To Infinity, AND BEYOND

People who know me know I like to describe my taste in games as “I play games for escapism, not realism.” I find this is the perfect analogy for my choice of stuff to play. This blankets out anything like racing simulators and mainly first-person shooters. But there is a huge exception to the rule, UNREALISTIC shooters.

I grew up playing Halo for the majority of my life (if you count from the age of 9 as life.) being able to play as a super soldier running around shooting aliens is a huge boost to a small child, making me feel invincible.

I picked up call of duty infinite warfare because people said it was a terrible call of duty game. When I proceeded to ask why they thought so the response was “it isn’t a realistic game.”

Light bulb.

Call of duty: infinite warfare is a game set in the near future, where a militia from Mars led by Jon Snow has decided to use the night’s watch to try and destroy the earth, like the little sociopath he is. After destroying the entirety of earth’s fleet except for two ships, you must chase Jon snow and his compensating ship across the solar system before his plan to destroy earth goes into effect.

I went into Call of Duty: Infinite Warfare with very low expectations.
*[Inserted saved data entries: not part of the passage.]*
definition OP1_value :: "real \<Rightarrow> real \<Rightarrow> (real \<Rightarrow> real) \<Rightarrow> real \<Rightarrow> (real \<Rightarrow> real) \<Rightarrow> real" where
  "OP1_value \<theta>0 \<kappa> I h \<theta> = integral {0..h} (\<lambda>y. I y * g \<theta>0 \<kappa> (\<theta> y))"

definition OP1_optimal ::
  "real \<Rightarrow> real \<Rightarrow> real \<Rightarrow> (real \<Rightarrow> real) \<Rightarrow> real \<Rightarrow> (real \<Rightarrow> real) \<Rightarrow> bool" where
  "OP1_optimal \<theta>0 L \<kappa> I h \<theta> \<longleftrightarrow>
     OP1_feasible \<theta>0 L h \<theta> \<and>
     (\<forall>h' \<theta>'. OP1_feasible \<theta>0 L h' \<theta>' \<longrightarrow>
        OP1_value \<theta>0 \<kappa> I h' \<theta>' \<le> OP1_value \<theta>0 \<kappa> I h \<theta>)"

definition competitive_equilibrium ::
  "real \<Rightarrow> real \<Rightarrow> real \<Rightarrow> real \<Rightarrow> (real \<Rightarrow> real) \<Rightarrow> real \<Rightarrow> (real \<Rightarrow> real) \<Rightarrow> bool" where
  "competitive_equilibrium \<theta>0 L \<kappa> \<rho> I h \<theta> \<longleftrightarrow>
     (\<forall>y\<ge>0. I y \<in> {0..1}) \<and>
     OP1_optimal \<theta>0 L \<kappa> I h \<theta> \<and>
     (\<forall>y\<ge>0. I y = exp (- \<rho> * integral {min y h..h} (\<lambda>\<eta>. \<kappa> / sin (\<theta> \<eta>))))"

end

theory Submission
  imports Defs
begin

text \<open>
  Write \<open>Z(\<theta>) = G'(\<theta>) tan \<theta> - G(\<theta>)\<close>. It is strictly decreasing on \<open>[\<theta>0, \<pi>/2[\<close>, starts at
  \<open>e\<^sup>-\<^sup>\<kappa> - 1\<close> and is unbounded below, so \<open>\<phi>\<close> is its continuous decreasing inverse. Since
  \<open>d/d\<theta> (q g(\<theta>) - \<mu>/sin \<theta>) = cos \<theta>/sin\<^sup>2 \<theta> \<cdot> (q Z(\<theta>) + \<mu>)\<close>, for \<open>q > 0\<close> the function
  \<open>q g(\<theta>) - \<mu>/sin \<theta>\<close> has the unique maximiser \<open>\<phi>(-\<mu>/q)\<close>.

  In an equilibrium \<open>Istar > 0\<close>; take \<open>\<lambda> = 1 - e\<^sup>-\<^sup>\<kappa> = G(\<theta>0)\<close> as multiplier of the length
  constraint. Then \<open>T(y) = \<phi>(-\<lambda>/Istar(y))\<close> maximises the Lagrangian \<open>Istar g(\<theta>) - \<lambda>/sin \<theta>\<close>
  pointwise, and two competitors show that optimality forces \<open>\<theta>star = T\<close> a.e.: if the path \<open>T\<close>
  on \<open>[0, hstar]\<close> is too short, prolong it by \<open>\<theta>0\<close> beyond \<open>hstar\<close>, where \<open>Istar = 1\<close> and the
  Lagrangian vanishes; if it is too long, follow \<open>T\<close> on an initial piece and cut off a final
  piece of \<open>[0, hstar]\<close>, where \<open>Istar < 1\<close> makes the Lagrangian strictly negative.

  Consequently \<open>K(y) = \<rho> * integral {y..hstar} (\<lambda>\<eta>. \<kappa> / sin (\<theta>star \<eta>))\<close> solves
  \<open>K' = -\<rho>\<kappa>/sin \<phi>((e\<^sup>-\<^sup>\<kappa> - 1) e\<^sup>K)\<close>, \<open>K(hstar) = 0\<close>, and so does \<open>\<zeta>(\<cdot> - hstar)\<close>. The right-hand side is monotone in \<open>K \<ge> 0\<close>, so
  the two solutions agree, i.e. \<open>\<theta>star = \<theta>hat(\<cdot> - hstar)\<close> a.e. As \<open>1/sin \<ge> 1\<close>, the length
  constraint then leaves only \<open>hstar = hbar\<close>.
\<close>

lemma one_plus_lt_exp: fixes x :: real assumes "x \<noteq> 0" shows "1 + x < exp x"
proof (cases "1 + x/2 \<ge> 0")
  case False
  then show ?thesis using exp_gt_zero[of x] by linarith
next
  case True
  have "x * x > 0" by (metis assms not_real_square_gt_zero)
  have "1 + x/2 \<le> exp (x/2)" by (rule exp_ge_add_one_self)
  then have "(1 + x/2) * (1 + x/2) \<le> exp (x/2) * exp (x/2)"
    using True by (intro mult_mono) auto
  moreover have "exp x = exp (x/2) * exp (x/2)" by (simp flip: exp_add)
  ultimately show ?thesis using \<open>x * x > 0\<close> by (simp add: algebra_simps)
qed

lemma negligible_if_AE_lebesgue: "AE x in lebesgue. P x \<Longrightarrow> negligible {x. \<not> P x}"
  using eventually_ae_filter_negligible negligible_subset by blast

lemma AE_eq_0_if_integral_eq_0:
  fixes f :: "real \<Rightarrow> real"
  assumes "f integrable_on {a..b}" "\<And>x. x \<in> {a..b} \<Longrightarrow> 0 \<le> f x" "integral {a..b} f = 0"
  shows "AE x in lebesgue. x \<in> {a..b} \<longrightarrow> f x = 0"
proof -
  have "f absolutely_integrable_on {a..b}"
    using assms nonnegative_absolutely_integrable_1 by blast
  then have int: "integrable (lebesgue_on {a..b}) f"
    by (simp add: integrable_restrict_space set_integrable_def)
  then have "integral\<^sup>L (lebesgue_on {a..b}) f = 0"
    using lebesgue_integral_eq_integral[OF int] assms(3) by simp
  then have "AE x in lebesgue_on {a..b}. f x = 0"
    using integral_nonneg_eq_0_iff_AE[OF int] assms(2) by (simp add: AE_restrict_space_iff)
  then show ?thesis by (simp add: AE_restrict_space_iff)
qed

lemma integral_if_le_split:
  fixes f g :: "real \<Rightarrow> real"
  assumes "0 \<le> r" "r \<le> b" "f integrable_on {0..r}" "g integrable_on {r..b}"
  shows "(\<lambda>y. if y \<le> r then f y else g y) integrable_on {0..b}"
    and "integral {0..b} (\<lambda>y. if y \<le> r then f y else g y) = integral {0..r} f + integral {r..b} g"
proof -
  let ?F = "\<lambda>y. if y \<le> r then f y else g y"
  have i1: "?F integrable_on {0..r}" by (rule integrable_eq[OF assms(3)]) auto
  have e1: "integral {0..r} ?F = integral {0..r} f"
    by (rule Henstock_Kurzweil_Integration.integral_cong) auto
  have i2: "?F integrable_on {r..b}" by (rule integrable_spike[OF assms(4) negligible_sing[of r]]) auto
  have e2: "integral {r..b} ?F = integral {r..b} g"
    by (rule integral_spike[OF negligible_sing[of r]]) auto
  show i: "?F integrable_on {0..b}"
    by (rule Henstock_Kurzweil_Integration.integrable_combine[OF assms(1,2) i1 i2])
  show "integral {0..b} ?F = integral {0..r} f + integral {r..b} g"
    using Henstock_Kurzweil_Integration.integral_combine[OF assms(1,2) i] e1 e2 by simp
qed
(* Let $N$ be a finite set and $\mathcal{F} \subseteq 2^N$ a set family. If $\mathcal{F}$ satisfies (B$^\natural$-EXC$_{\rm m}$), then $\mathcal{F}$ satisfies (B$^\natural$-EXC$_{\pm}$).
   Context: Notation: $X - i = X \setminus \{i\}$, $Y + i = Y \cup \{i\}$, $X - i + j = (X\setminus\{i\})\cup\{j\}$, $Y + i - k = (Y \cup\{i\})\setminus\{k\}$. (B$^\natural$-EXC$_{\rm m}$): for any $X, Y \in \mathcal{F}$ and $I \subseteq X\setminus Y$ there exists $J \subseteq Y\setminus X$ with $(X\setminus I)\cup J \in \mathcal{F}$ and $(Y\setminus J)\cup I \in \mathcal{F}$. (B$^\natural$-EXC$_{\pm}$): for any $X, Y \in \mathcal{F}$ and $i \in X\setminus Y$, both (a) and (b) hold, where (a): $X - i \in \mathcal{F}$, or $X - i + j \in \mathcal{F}$ for some $j \in Y\setminus X$; (b): $Y + i \in \mathcal{F}$, or $Y + i - k \in \mathcal{F}$ for some $k \in Y\setminus X$. *)

theory Defs
  imports Main
begin

definition exc_m :: "'a set set \<Rightarrow> bool" where
  "exc_m F \<longleftrightarrow> (\<forall>X\<in>F. \<forall>Y\<in>F. \<forall>I. I \<subseteq> X - Y \<longrightarrow>
      (\<exists>J. J \<subseteq> Y - X \<and> (X - I) \<union> J \<in> F \<and> (Y - J) \<union> I \<in> F))"

definition exc_pm :: "'a set set \<Rightarrow> bool" where
  "exc_pm F \<longleftrightarrow> (\<forall>X\<in>F. \<forall>Y\<in>F. \<forall>i\<in>X - Y.
      (X - {i} \<in> F \<or> (\<exists>j\<in>Y - X. insert j (X - {i}) \<in> F)) \<and>
      (insert i Y \<in> F \<or> (\<exists>k\<in>Y - X. (insert i Y) - {k} \<in> F)))"

end

theory Submission
  imports Defs
begin

text \<open>Applying (B\<natural>-EXC_m) to \<open>I = {i}\<close> yields a compensating set \<open>J \<subseteq> Y - X\<close> with
  \<open>X - i \<union> J\<close> and \<open>Y - J + i\<close> in \<open>F\<close>. Exchanging all of \<open>J\<close> but one element \<open>j\<close> between
  such a set and \<open>X\<close> (resp. \<open>Y\<close>) either yields the single swap with \<open>j\<close> or, since the
  other side can only return \<open>i\<close>, the same situation with \<open>J - j\<close> in place of \<open>J\<close>;
  so finiteness of \<open>J\<close> gives (B\<natural>-EXC_\<plusminus>).\<close>

lemma exc_mD:
  assumes "exc_m F" "X \<in> F" "Y \<in> F" "I \<subseteq> X - Y"
  obtains J where "J \<subseteq> Y - X" "(X - I) \<union> J \<in> F" "(Y - J) \<union> I \<in> F"
  using assms(1)[unfolded exc_m_def, rule_format, OF assms(2-4)] that by blast

lemma exc_m_delete_or_swap:
  assumes m: "exc_m F" and XF: "X \<in> F" and iX: "i \<in> X"
    and "finite J" "J \<inter> X = {}" "(X - {i}) \<union> J \<in> F"
  shows "X - {i} \<in> F \<or> (\<exists>j\<in>J. insert j (X - {i}) \<in> F)"
  using assms(4-)
proof (induction J rule: finite_induct)
  case empty
  then show ?case by simp
next
  case (insert j J)
  let ?X' = "(X - {i}) \<union> insert j J"
  have "J \<subseteq> ?X' - X" using insert.prems(1) by auto
  then obtain J' where J': "J' \<subseteq> X - ?X'" "(?X' - J) \<union> J' \<in> F" "(X - J') \<union> J \<in> F"
    by (rule exc_mD[OF m insert.prems(2) XF])
  have "X - ?X' = {i}" using iX insert.prems(1) by auto
  with J'(1) consider "J' = {}" | "J' = {i}" by blast
  then show ?case
  proof cases
    case 1
    have "(?X' - J) \<union> J' = insert j (X - {i})"
      using 1 insert.hyps(2) insert.prems(1) by auto
    with J'(2) have "insert j (X - {i}) \<in> F" by simp
    then show ?thesis by blast
  next
    case 2
    then have "(X - {i}) \<union> J \<in> F" using J'(3) by simp
    moreover have "J \<inter> X = {}" using insert.prems(1) by auto
    ultimately show ?thesis using insert.IH by auto
  qed
qed

lemma exc_m_insert_or_swap:
  assumes m: "exc_m F" and YF: "Y \<in> F" and iY: "i \<notin> Y"
    and "finite J" "J \<subseteq> Y" "insert i (Y - J) \<in> F"
  shows "insert i Y \<in> F \<or> (\<exists>k\<in>J. insert i Y - {k} \<in> F)"
  using assms(4-)
proof (induction J rule: finite_induct)
  case empty
  then show ?case by simp
next
  case (insert j J)
  let ?Y' = "insert i (Y - insert j J)"
  have "J \<subseteq> Y - ?Y'" using insert.prems(1) iY by auto
  then obtain J' where J': "J' \<subseteq> ?Y' - Y" "(Y - J) \<union> J' \<in> F" "(?Y' - J') \<union> J \<in> F"
    by (rule exc_mD[OF m YF insert.prems(2)])
  have "?Y' - Y = {i}" using iY by auto
  with J'(1) consider "J' = {}" | "J' = {i}" by blast
  then show ?case
  proof cases
    case 1
    have "(?Y' - J') \<union> J = insert i Y - {j}"
      using 1 insert.hyps(2) insert.prems(1) iY by auto
    with J'(3) have "insert i Y - {j} \<in> F" by simp
    then show ?thesis by blast
  next
    case 2
    then have "insert i (Y - J) \<in> F" using J'(2) by simp
    moreover have "J \<subseteq> Y" using insert.prems(1) by simp
    ultimately show ?thesis using insert.IH by auto
  qed
qed

theorem proposition5:
  fixes N :: "'a set" and F :: "'a set set"
  assumes "finite N" and "F \<subseteq> Pow N"
  assumes "exc_m F"
  shows "exc_pm F"
  unfolding exc_pm_def
proof (intro ballI conjI)
  fix X Y i assume XF: "X \<in> F" and YF: "Y \<in> F" and i: "i \<in> X - Y"
  then have "{i} \<subseteq> X - Y" by simp
  then obtain J where J: "J \<subseteq> Y - X" "(X - {i}) \<union> J \<in> F" "(Y - J) \<union> {i} \<in> F"
    by (rule exc_mD[OF assms(3) XF YF])
  have "finite Y" using YF assms(1,2) by (auto intro: finite_subset)
  with J(1) have "finite J" by (auto intro: finite_subset)
  have "J \<inter> X = {}" "J \<subseteq> Y" using J(1) by auto
  show "X - {i} \<in> F \<or> (\<exists>j\<in>Y - X. insert j (X - {i}) \<in> F)"
    using exc_m_delete_or_swap[OF assms(3) XF _ \<open>finite J\<close> \<open>J \<inter> X = {}\<close> J(2)] i J(1)
    by auto
  have "insert i (Y - J) \<in> F" using J(3) by simp
  then show "insert i Y \<in> F \<or> (\<exists>k\<in>Y - X. insert i Y - {k} \<in> F)"
    using exc_m_insert_or_swap[OF assms(3) YF _ \<open>finite J\<close> \<open>J \<subseteq> Y\<close>] i J(1)
    by auto
qed

end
From the mixture of peoples opinions to my opinion of the whole franchise, I didn’t set it in a good light. I’m going to say this now. I enjoyed it. But it has its shortcomings.

Surprisingly one of my favourite parts of the game is flying the jackal ships. They felt like a realistic approach to one of my favourite games of all time, Lylat Wars for the N64. the controls felt tight and were never too easy or too difficult.

The actual gameplay, however, wasn’t my cup of tea. Remember how I said I like feeling like a supersoldier? Well, the game seems to want me to be it, yet I kept dying from 4 or 5 shots anyway. Most of the time I felt like I was shooting into the middle of nowhere hoping to get a shot because enemies would be so far away and still be able to hit me.

 

SPOILERS

The game kind of foreshadowed a suicide mission from the beginning of the game. I didn’t feel any emotional connections to any character except for eth3n the robot. I think this was intentional because the beginning of the game seems to hint at people not liking robots.

Suicide missions aside, Halo: Reach was better. just saying.

Overall it was an ok game. I didn’t feel the need to quit (like Battlefield 3. That game sucked.) I still want to go back and play through the extra missions in the game that I decided to skip over just to see how the main story would pan out.